- _EXERCISE DETAILS_: Please find how many lines of the data contain the string "func", and respond with that number only.

- _DATA LISTING_:
════════════════
lemma PT_convergent_tgt:
  assumes "PT T \<psi> s t c m" and "wf_trs T" and c
  shows "t \<noteq> None \<and> (\<forall>n. enat n < m \<longrightarrow> eq_upto n s (the t))"
  using assms
proof (induction rule: PT.induct)
  case (multistep \<psi>)
  then show ?case
    using multistep_eq_upto by fastforce
next
  case (comp \<psi>1 s1 t1 m1 \<psi>2 t2 c2 m2)
  then show ?case
    by (auto intro: eq_upto_trans)
next
  case (infprod \<psi> s m)
  then have "enat n < m i \<Longrightarrow> eq_upto n (s i) (s (Suc i))" for n i
    by simp
  then obtain u where "(\<lambda>i. tdist (s (Suc i)) u) \<longlonglongrightarrow> 0"
    and "\<And>n. enat n < (INF i. m i) \<Longrightarrow> eq_upto n (s 0) u"
    using infprod_limit infprod.prems(2) by metis
  then show ?case
    by (simp add: limit_option_eq)
next
  case (func \<psi>s f ss ts cs ms)
  then have IH: "ts ! i \<noteq> None" "enat n < ms ! i \<Longrightarrow> eq_upto n (ss ! i) (the (ts ! i))"
    if "i < length \<psi>s" for i n
    using that by auto
  have "eq_upto n (node (F f) ss) (node (F f) (map the ts))"
    if n: "enat n < 1 + (INF i \<in> {..<length ms}. ms ! i)" for n
  proof (cases n)
    case (Suc n')
    have "enat n' < ms ! i" if "i < length \<psi>s" for i
      using enat_less_one_plus_INF[where A = "{..<length ms}"] n Suc that func.hyps by simp
    then show ?thesis
      unfolding Suc using IH(2) func.hyps by (intro eq_upto_Suc_node) auto
  qed (simp add: eq_upto_def node_def)
  then show ?case
    using IH(1) func.hyps by simp
next
  case (rule \<psi>s \<mu> ss ts cs ms)
  have "tvars (rl_rhs T \<mu>) \<subseteq> {..<length \<psi>s}"
    using rule.prems(1) rule.hyps(1) unfolding wf_trs_def by metis
  then have "\<forall>j\<in>tvars (rl_rhs T \<mu>). ts ! j \<noteq> None"
    using rule.IH rule.prems rule.hyps by auto
  then show ?case
    by (simp add: inst_opt_def)
qed

theorem mainTheorem9:
  fixes T :: "('f, 'r) trs" and \<psi> :: "('f, 'r) psym tree"
  assumes "wf_trs T"
    and "PT T \<psi> s t True m"
  shows "t \<noteq> None \<and> (\<forall>n::nat. enat n < m \<longrightarrow> tdist s (the t) < (1/2) ^ n)"
  using PT_convergent_tgt[OF assms(2,1)] by (simp add: tdist_less_iff_eq_upto)

end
════════════════
- _OUTPUT OF THE EXERCISE_: 4